Recording Review
Rare French Works For Violins & Orchestra
Fauré: Violin Concerto in D minor Op. 14; Saint-Saëns: Morceau de concert Op. 62; Lalo: Fantasie Norvégienne, Guitarre Op. 28; Guiraud: Caprice; Canteloube: Poème
Philippe Graffin violin
Ulster Orchestra
Thierry Fischer conductor
Hyperion CDA 67294
Gramphone, May 2002
by Michael Oliver
Graffin's intelligent and characterful playing serves up a rare feast
'Rare' is doubly true: the quality of the playing here deserves that adjective. Until I heard Philippe Graffin play Fauré's 'Concerto' (the first movement of a work he never managed to finish) I agreed with Robert Orledge's view of it: 'Fauré grappling with unsuitable material'. But where, for example, other violinists have made its first solo gesture sound like an unsuccessful attempt at bravura flashiness, Graffin plays it with quiet thoughtfulness and at once one recognises Fauré's voice. He sounds, in short, like a player who knows Fauré's chamber music and recalls how movingly he quoted the early Concerto in his last work, the String Quartet. But how will he manage in the Lalo and Saint-Saëns pieces, written for the fiery Sarasate?

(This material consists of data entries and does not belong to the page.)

lemma one_le_nn_integral_opt_cost:
  assumes "2 \<le> n"
  shows "1 \<le> (\<integral>\<^sup>+ w. ennreal (real (opt_cost {0..<n} {{0..<n}} (\<lambda>v. {real v..real n + 2}) w)) \<partial>hard_product n)"
proof -
  have "(\<integral>\<^sup>+ w. 1 \<partial>hard_product n)
          \<le> (\<integral>\<^sup>+ w. ennreal (real (opt_cost {0..<n} {{0..<n}} (\<lambda>v. {real v..real n + 2}) w)) \<partial>hard_product n)"
    using one_le_opt_cost[OF assms] by (intro nn_integral_mono) (simp add: ennreal_of_nat_eq_real_of_nat)
  then show ?thesis by (simp add: hard_product.emeasure_space_1)
qed

lemma sum_half_powers_le_one: "(\<Sum>k\<in>{1..<n}. (1/2::real)^k) \<le> 1"
proof -
  have "(\<Sum>k\<in>{1..<Suc m}. (1/2::real)^k) = 1 - (1/2)^m" for m
    by (induction m) (auto simp: field_simps)
  then show ?thesis by (cases n) auto
qed

lemma nn_integral_opt_cost_le_two:
  assumes "0 < n"
  shows "(\<integral>\<^sup>+ w. ennreal (real (opt_cost {0..<n} {{0..<n}} (\<lambda>v. {real v..real n + 2}) w)) \<partial>hard_product n) \<le> 2"
proof -
  \<comment> \<open>An optimal query set has more than k elements only on the event A k.\<close>
  define A where "A k = {w \<in> space (hard_product n). \<forall>v\<in>{..<k}. w v \<in> {real v + 1..}}" for k
  have A_sets: "A k \<in> sets (hard_product n)" if "k \<le> n" for k
    unfolding A_def using that by (intro sets_PiM_Collect_all) auto
  have A_measure: "emeasure (hard_product n) (A k) = ennreal ((1/2)^k)" if "k \<le> n" for k
    unfolding A_def using that by (subst emeasure_PiM_hard_dist_halves) (auto simp: emeasure_hard_dist_above)
  have pointwise: "ennreal (real (opt_cost {0..<n} {{0..<n}} (\<lambda>v. {real v..real n + 2}) w))
      \<le> 1 + (\<Sum>k\<in>{1..<n}. indicator (A k) w)" if "w \<in> space (hard_product n)" for w
  proof -
    let ?S = "{k \<in> {1..<n}. \<forall>v<k. real v + 1 \<le> w v}"
    have "(\<Sum>k\<in>{1..<n}. indicator (A k) w :: ennreal) = (\<Sum>k\<in>{1..<n}. if k \<in> ?S then 1 else 0)"
      using that by (intro sum.cong refl) (auto simp: A_def indicator_def)
    also have "\<dots> = of_nat (card ?S)"
      by (simp add: sum.inter_filter[symmetric])
    finally have "(\<Sum>k\<in>{1..<n}. indicator (A k) w :: ennreal) = of_nat (card ?S)" .
    moreover have "ennreal (real (opt_cost {0..<n} {{0..<n}} (\<lambda>v. {real v..real n + 2}) w))
        \<le> ennreal (real (1 + card ?S))"
      using opt_cost_le_prefix_count[OF assms, of w] by (intro ennreal_leI) simp
    ultimately show ?thesis
      by (simp add: ennreal_of_nat_eq_real_of_nat)
  qed
  have indicators: "(\<integral>\<^sup>+ w. (\<Sum>k\<in>{1..<n}. indicator (A k) w) \<partial>hard_product n)
      = ennreal (\<Sum>k\<in>{1..<n}. (1/2)^k)"
    using A_sets A_measure by (subst nn_integral_sum) auto
  have "(\<integral>\<^sup>+ w. ennreal (real (opt_cost {0..<n} {{0..<n}} (\<lambda>v. {real v..real n + 2}) w)) \<partial>hard_product n)
      \<le> (\<integral>\<^sup>+ w. 1 + (\<Sum>k\<in>{1..<n}. indicator (A k) w) \<partial>hard_product n)"
    by (intro nn_integral_mono pointwise)
  also have "\<dots> = (\<integral>\<^sup>+ w. 1 \<partial>hard_product n) + (\<integral>\<^sup>+ w. (\<Sum>k\<in>{1..<n}. indicator (A k) w) \<partial>hard_product n)"
    using A_sets by (intro nn_integral_add) auto
  also have "\<dots> = 1 + ennreal (\<Sum>k\<in>{1..<n}. (1/2)^k)"
    using indicators by (simp add: hard_product.emeasure_space_1)
  also have "\<dots> \<le> 1 + 1"
    using sum_half_powers_le_one[of n] by (intro add_left_mono) (simp add: ennreal_le_1)
  finally show ?thesis by (simp add: one_add_one)
qed

lemma feasible_query_supp_interval_hard_dist:
  "feasible_query {{0..<n}} (\<lambda>v. supp_interval (hard_dist n v)) Q w
     = feasible_query {{0..<n}} (\<lambda>v. {real v..real n + 2}) Q w"
  by (intro feasible_query_cong) (simp add: supp_interval_hard_dist)

lemma opt_cost_supp_interval_hard_dist:
  "opt_cost {0..<n} {{0..<n}} (\<lambda>v. supp_interval (hard_dist n v)) w
     = opt_cost {0..<n} {{0..<n}} (\<lambda>v. {real v..real n + 2}) w"
  by (intro opt_cost_cong) (simp add: supp_interval_hard_dist)

lemma strict_two_stage_high_queries_all:
  assumes "2 \<le> n" and two_stage: "strict_two_stage {0..<n} {{0..<n}} (hard_dist n) U1 f"
    and high: "\<forall>v\<in>U1. w v \<in> {real n + 1..<real n + 2}"
  shows "U1 \<union> f (restrict w U1) = {0..<n}"
proof -
  have U1: "U1 \<subseteq> {0..<n}" and f: "\<And>w. f w \<subseteq> {0..<n}"
    and feasible: "\<And>w. w \<in> PiE {0..<n} (\<lambda>v. supp_dist (hard_dist n v)) \<Longrightarrow>
        feasible_query {{0..<n}} (\<lambda>v. supp_interval (hard_dist n v)) (U1 \<union> f (restrict w U1)) w"
    using two_stage unfolding strict_two_stage_def by auto
  define w' where "w' v = (if v < n then if v \<in> U1 then w v else real n + 1 else undefined)" for v
  have w': "w' \<in> PiE {0..<n} (\<lambda>v. supp_dist (hard_dist n v))"
    using high high_subset_supp_dist_hard_dist by (fastforce simp: w'_def PiE_iff extensional_def)
  have "restrict w' U1 = restrict w U1"
    using U1 by (auto simp: w'_def restrict_def fun_eq_iff)
  then have "feasible_query {{0..<n}} (\<lambda>v. {real v..real n + 2}) (U1 \<union> f (restrict w U1)) w'"
    using feasible[OF w'] by (simp add: feasible_query_supp_interval_hard_dist)
  moreover have "\<forall>v\<in>U1 \<union> f (restrict w U1). w' v \<in> {real n + 1..<real n + 2}"
    using high U1 f by (fastforce simp: w'_def)
  ultimately show ?thesis
    using high_feasible_query_eq_all[OF assms(1)] U1 f by blast
qed

lemma nn_integral_two_stage_cost_ge_ln:
  assumes "2 \<le> n" and two_stage: "strict_two_stage {0..<n} {{0..<n}} (hard_dist n) U1 f"
  shows "ennreal (ln (real n) / 2)
           \<le> (\<integral>\<^sup>+ w. ennreal (real (card (U1 \<union> f (restrict w U1)))) \<partial>hard_product n)"
proof -
  have U1: "U1 \<subseteq> {0..<n}" and f: "\<And>w. f w \<subseteq> {0..<n}"
    using two_stage unfolding strict_two_stage_def by auto
  then have "finite U1" using finite_subset by blast
  define B where "B = {w \<in> space (hard_product n). \<forall>v\<in>U1. w v \<in> {real n + 1..<real n + 2}}"
  have B_sets: "B \<in> sets (hard_product n)"
    unfolding B_def using U1 \<open>finite U1\<close> by (intro sets_PiM_Collect_all) auto
  have B_measure: "emeasure (hard_product n) B = ennreal ((1/2)^card U1)"
    unfolding B_def using U1 \<open>finite U1\<close>
    by (intro emeasure_PiM_hard_dist_halves) (auto simp: emeasure_hard_dist_high)
  have "(\<integral>\<^sup>+ w. ennreal (real (card U1)) \<partial>hard_product n)
          \<le> (\<integral>\<^sup>+ w. ennreal (real (card (U1 \<union> f (restrict w U1)))) \<partial>hard_product n)"
    using U1 f by (intro nn_integral_mono ennreal_leI of_nat_mono card_mono) (auto intro: finite_subset)
  then have first_stage: "ennreal (real (card U1))
          \<le> (\<integral>\<^sup>+ w. ennreal (real (card (U1 \<union> f (restrict w U1)))) \<partial>hard_product n)"
    by (simp add: hard_product.emeasure_space_1)
  have "(\<integral>\<^sup>+ w. ennreal (real n) * indicator B w \<partial>hard_product n)
          \<le> (\<integral>\<^sup>+ w. ennreal (real (card (U1 \<union> f (restrict w U1)))) \<partial>hard_product n)"
    using strict_two_stage_high_queries_all[OF assms] by (intro nn_integral_mono) (auto simp: B_def indicator_def)
  then have all_high: "ennreal (real n * (1/2)^card U1)
          \<le> (\<integral>\<^sup>+ w. ennreal (real (card (U1 \<union> f (restrict w U1)))) \<partial>hard_product n)"
    using B_sets B_measure by (simp add: nn_integral_cmult_indicator ennreal_mult)
  from ln_half_le_or_le_scaled_power[of "real n" "card U1"] assms(1) show ?thesis
    using first_stage all_high by (auto intro: order_trans[OF ennreal_leI])
qed

lemma quarter_ln_times_opt_cost_le_two_stage_cost:
  assumes "2 \<le> n" and two_stage: "strict_two_stage {0..<n} {{0..<n}} (hard_dist n) U1 f"
  shows "ennreal (1/4 * ln (real n))
      * (\<integral>\<^sup>+ w. ennreal (real (opt_cost {0..<n} {{0..<n}} (\<lambda>v. supp_interval (hard_dist n v)) w)) \<partial>hard_product n)
    \<le> (\<integral>\<^sup>+ w. ennreal (real (card (U1 \<union> f (restrict w U1)))) \<partial>hard_product n)"
proof -
  have "ennreal (1/4 * ln (real n))
      * (\<integral>\<^sup>+ w. ennreal (real (opt_cost {0..<n} {{0..<n}} (\<lambda>v. supp_interval (hard_dist n v)) w)) \<partial>hard_product n)
    \<le> ennreal (1/4 * ln (real n)) * 2"
    using nn_integral_opt_cost_le_two[of n] assms(1)
    by (intro mult_left_mono) (simp_all add: opt_cost_supp_interval_hard_dist)
  also have "\<dots> = ennreal (ln (real n) / 2)"
    using ennreal_mult'[of 2 "1/4 * ln (real n)"] assms(1) by (simp add: mult.commute)
  also have "\<dots> \<le> (\<integral>\<^sup>+ w. ennreal (real (card (U1 \<union> f (restrict w U1)))) \<partial>hard_product n)"
    using assms by (rule nn_integral_two_stage_cost_ge_ln)
  finally show ?thesis .
qed

theorem theoremA2:
  shows "\<exists>c::real. c > 0 \<and>
    (\<forall>n::nat. n \<ge> 2 \<longrightarrow>
      (\<exists>D :: nat \<Rightarrow> real measure.
         (\<forall>v<n. prob_space (D v) \<and> sets (D v) = sets borel \<and> absolutely_continuous lborel (D v)) \<and>
         (let V = {0..<n}; Es = {V}; I = (\<lambda>v. supp_interval (D v)); P = PiM V D;
              EOPT = (\<integral>\<^sup>+ w. ennreal (real (opt_cost V Es I w)) \<partial>P)
          in 0 < EOPT \<and>
             (\<forall>U1 f. strict_two_stage V Es D U1 f \<longrightarrow>
                (\<integral>\<^sup>+ w. ennreal (real (card (U1 \<union> f (restrict w U1)))) \<partial>P)
                  \<ge> ennreal (c * ln (real n)) * EOPT))))"
  unfolding Let_def
  apply (intro exI[of _ "1/4"] conjI allI impI)
   apply simp
  subgoal for n
    using one_le_nn_integral_opt_cost[of n]
    by (intro exI[of _ "hard_dist n"] conjI allI impI prob_space_hard_dist sets_hard_dist
        absolutely_continuous_hard_dist less_le_trans[OF zero_less_one]
        quarter_ln_times_opt_cost_le_two_stage_cost)
      (simp_all add: opt_cost_supp_interval_hard_dist)
  done

end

Very well indeed is the answer. Immediately in the Saint-Saëns Morceau de concert (originally intended as one movement of the third violin concerto) Graffin produces a more open, virtuoso manner, and finds an appropriate flamboyance in Lalo's Fantasie (which is like a briefer, Nordic equivalent of his Symphonie espagnole). In both, however, he shows affectionate delicacy as well, and his sympathetic seeking-out of each composer's voice is particularly effective in the two completely unknown works here (so far as I can tell neither has been recorded before). Poor Ernest Guiraud, condemned to be unheard because he was an academic who wrote the 'unsuitable' recitatives for Bizet's Carmen! His Caprice is so rich in melody, at times earnest, at others agreeably sentimental, that Graffin and Fischer between them make a strong case for investigating his long-neglected operas. Poor Joseph Canteloube, so famous for the Chants d'Auvergne that we suspect that he couldn't write tunes of his own! His Poème is lusciously scored and richly violinistic, but long-breathed melody building to impassioned rhapsody is its strongest suit (and Chausson's Poème its closest relative); again one wants to hear Canteloube's other non-folk-based pieces. It is Graffin's recognition that each of these composers needs a different manner and palette that makes this collection so absorbing. Fischer and the Ulster Orchestra are admirable partners and the Ulster Hall's acoustic has been well caught. Such a combination of enterprise, imagination and responsive musicianship is rare indeed.